*Work instructions:* Beginning with the first line, copy out each line of the material until the line containing "then obtain e" has been copied as well.

*Data for this task:*
lemma outSlot_source: "inSlot n cop t \<Longrightarrow> outSlot n cop (source n ps t)"
  using source_image by blast

lemma adj_G_less: "(u, w) \<in> adj n G \<Longrightarrow> u < w"
proof -
  assume "(u, w) \<in> adj n G"
  then obtain e where e: "e \<in> G" "u = fst (fst e)" "w = fst (snd e)" "w \<in> verts n"
    by (auto simp: adj_def)
  obtain t where t: "inSlot n cop t" "e = (source n ps t, t)"
    using e(1) mem_G by (metis prod.collapse)
  have wt: "w = fst t" using e(3) t(2) by simp
  have "1 \<le> fst t" "fst t \<le> 2*n" "snd t < in_arity n (fst t)"
    using t(1) e(4) wt by (auto simp: inSlot_def verts_def in_arity_def split: if_splits)
  then have "fst (source n ps (fst t, snd t)) < fst t" using fst_source_less by blast
  then show ?thesis using e t by simp
qed

lemma connected_from_1:
  "w \<in> verts n \<Longrightarrow> (1, w) \<in> (adj n G \<union> (adj n G)\<inverse>)\<^sup>*"
proof (induction w rule: less_induct)
  case (less w)
  show ?case
  proof (cases "w = 1")
    case True
    then show ?thesis by simp
  next
    case False
    then have w: "2 \<le> w" "w \<le> 2*n" using less.prems by (auto simp: verts_def)
    have tin: "inSlot n cop (w, 0)" using w by (auto simp: inSlot_def verts_def)
    let ?s = "source n ps (w, 0)"
    have ne: "?s \<noteq> (0,0)"
      using inj_onD[OF inj_on_source, of "(w,0)" "(1,0)"] tin inSlot_1_0 source_1_0 w by auto
    have os: "outSlot n cop ?s" using outSlot_source[OF tin] .
    have u: "fst ?s \<in> verts n" using os ne by (auto simp: outSlot_def) (metis prod.collapse)
    have lt: "fst ?s < w" using fst_source_less[of w 0] w in_arity_pos[of n w] by simp
    have mem: "(?s, (w, 0)) \<in> G" using tin by (simp add: mem_G)
    have "\<exists>e. (fst ?s, w) = (fst (fst e), fst (snd e)) \<and> e \<in> G
      \<and> fst (fst e) \<in> verts n \<and> fst (snd e) \<in> verts n"
      by (intro exI[of _ "(?s, (w, 0))"]) (use mem u less.prems in simp)
    then have "(fst ?s, w) \<in> adj n G" unfolding adj_def by blast
    moreover have "(1, fst ?s) \<in> (adj n G \<union> (adj n G)\<inverse>)\<^sup>*"
      using less.IH[OF lt u] .
    ultimately show ?thesis by (meson UnI1 rtrancl.rtrancl_into_rtrancl)
  qed
qed

lemma connected_G: "u \<in> verts n \<Longrightarrow> w \<in> verts n
  \<Longrightarrow> (u, w) \<in> (adj n G \<union> (adj n G)\<inverse>)\<^sup>*"
proof -
  assume u: "u \<in> verts n" and w: "w \<in> verts n"
  let ?R = "adj n G \<union> (adj n G)\<inverse>"
  have "(1, u) \<in> ?R\<^sup>*" using connected_from_1[OF u] .
  then have "(u, 1) \<in> (?R\<inverse>)\<^sup>*" by (rule rtrancl_converseI)
  moreover have "?R\<inverse> = ?R" by auto
  ultimately have "(u, 1) \<in> ?R\<^sup>*" by simp
  then show ?thesis using connected_from_1[OF w] by (rule rtrancl_trans)
qed

lemma sweeps_G: "k \<le> 2*n
  \<Longrightarrow> sweeps cop G (map out_edge (slot_frontier n ps k)) [Suc k..<Suc (2*n)]
  (map out_edge (slot_frontier n ps (2*n)))"
proof (induction "2*n - k" arbitrary: k)
  case 0
  then have "k = 2*n" by simp
  then show ?case by (simp add: sweeps.sweeps_Nil)
next
  case (Suc d)
  then have k: "k < 2*n" by simp
  have dk: "d = 2*n - Suc k" using Suc.hyps(2) by simp
  have IH: "sweeps cop G (map out_edge (slot_frontier n ps (Suc k))) [Suc (Suc k)..<Suc (2*n)]
    (map out_edge (slot_frontier n ps (2*n)))"
    using Suc.hyps(1)[OF dk] k by simp
  have e: "[Suc k..<Suc (2*n)] = Suc k # [Suc (Suc k)..<Suc (2*n)]" using k by (simp add: upt_rec)
  show ?case unfolding e frontier_step_parts(1)[OF k]
    by (rule sweeps.sweeps_Cons) (use IH[unfolded frontier_step_parts(2)[OF k]] in assumption)
qed

lemma upward_planar_G: "upward_planar n cop G"
proof -
  have "sweeps cop G (map out_edge (slot_frontier n ps 0)) [Suc 0..<Suc (2*n)]
    (map out_edge (slot_frontier n ps (2*n)))"
    using sweeps_G[of 0] by simp
  then have "sweeps cop G [globalIn G] [1..<Suc (2*n)] [globalOut G]"
    using slot_frontier_final globalOut_G by (simp add: globalIn_G)
  moreover have "set [1..<Suc (2*n)] = verts n" by (auto simp: verts_def)
  ultimately show ?thesis unfolding upward_planar_def by (intro exI[of _ "[1..<Suc (2*n)]"]) simp
qed

lemma ex1_edge_from: "outSlot n cop s \<Longrightarrow> \<exists>!e. e \<in> G \<and> fst e = s"
proof -
  assume "outSlot n cop s"
  then obtain t where t: "inSlot n cop t" "source n ps t = s" using outSlot_eq_source by blast
  show "\<exists>!e. e \<in> G \<and> fst e = s"
  proof (rule ex1I[of _ "(s, t)"])
    show "(s, t) \<in> G \<and> fst (s, t) = s" using t by (simp add: mem_G)
    fix e assume e: "e \<in> G \<and> fst e = s"
    then have "inSlot n cop (snd e)" "source n ps (snd e) = source n ps t"
      using t by (auto simp: mem_G)
    then have "snd e = t" using inj_onD[OF inj_on_source, of "snd e" t] t by simp
    then show "e = (s, t)" using e by (metis prod.collapse)
  qed
qed

lemma ex1_edge_into: "inSlot n cop s \<Longrightarrow> \<exists>!e. e \<in> G \<and> snd e = s"
  by (rule ex1I[of _ "(source n ps s, s)"]) (auto simp: mem_G)

lemma is_PC_prograph_G: "is_PC_prograph n cop G"
proof -
  have "\<forall>e\<in>G. outSlot n cop (fst e) \<and> inSlot n cop (snd e)"
    using mem_G outSlot_source by auto
  moreover have "fst (snd (globalIn G)) \<in> verts n \<and> fst (snd (globalIn G)) \<le> n"
    and "fst (fst (globalOut G)) \<in> verts n \<and> \<not> fst (fst (globalOut G)) \<le> n"
    using n_pos by (simp_all add: globalIn_G_eq globalOut_G_eq verts_def)
  moreover have "acyclic (adj n G)"
    by (rule acyclicI_order[where f = "\<lambda>v. - int v"]) (simp add: adj_G_less)
  ultimately show ?thesis
    unfolding is_PC_prograph_def
    using card_coprods ex1_edge_from ex1_edge_into connected_G upward_planar_G by simp
qed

*Output:*
lemma outSlot_source: "inSlot n cop t \<Longrightarrow> outSlot n cop (source n ps t)"
  using source_image by blast

lemma adj_G_less: "(u, w) \<in> adj n G \<Longrightarrow> u < w"
proof -
  assume "(u, w) \<in> adj n G"
  then obtain e where e: "e \<in> G" "u = fst (fst e)" "w = fst (snd e)" "w \<in> verts n"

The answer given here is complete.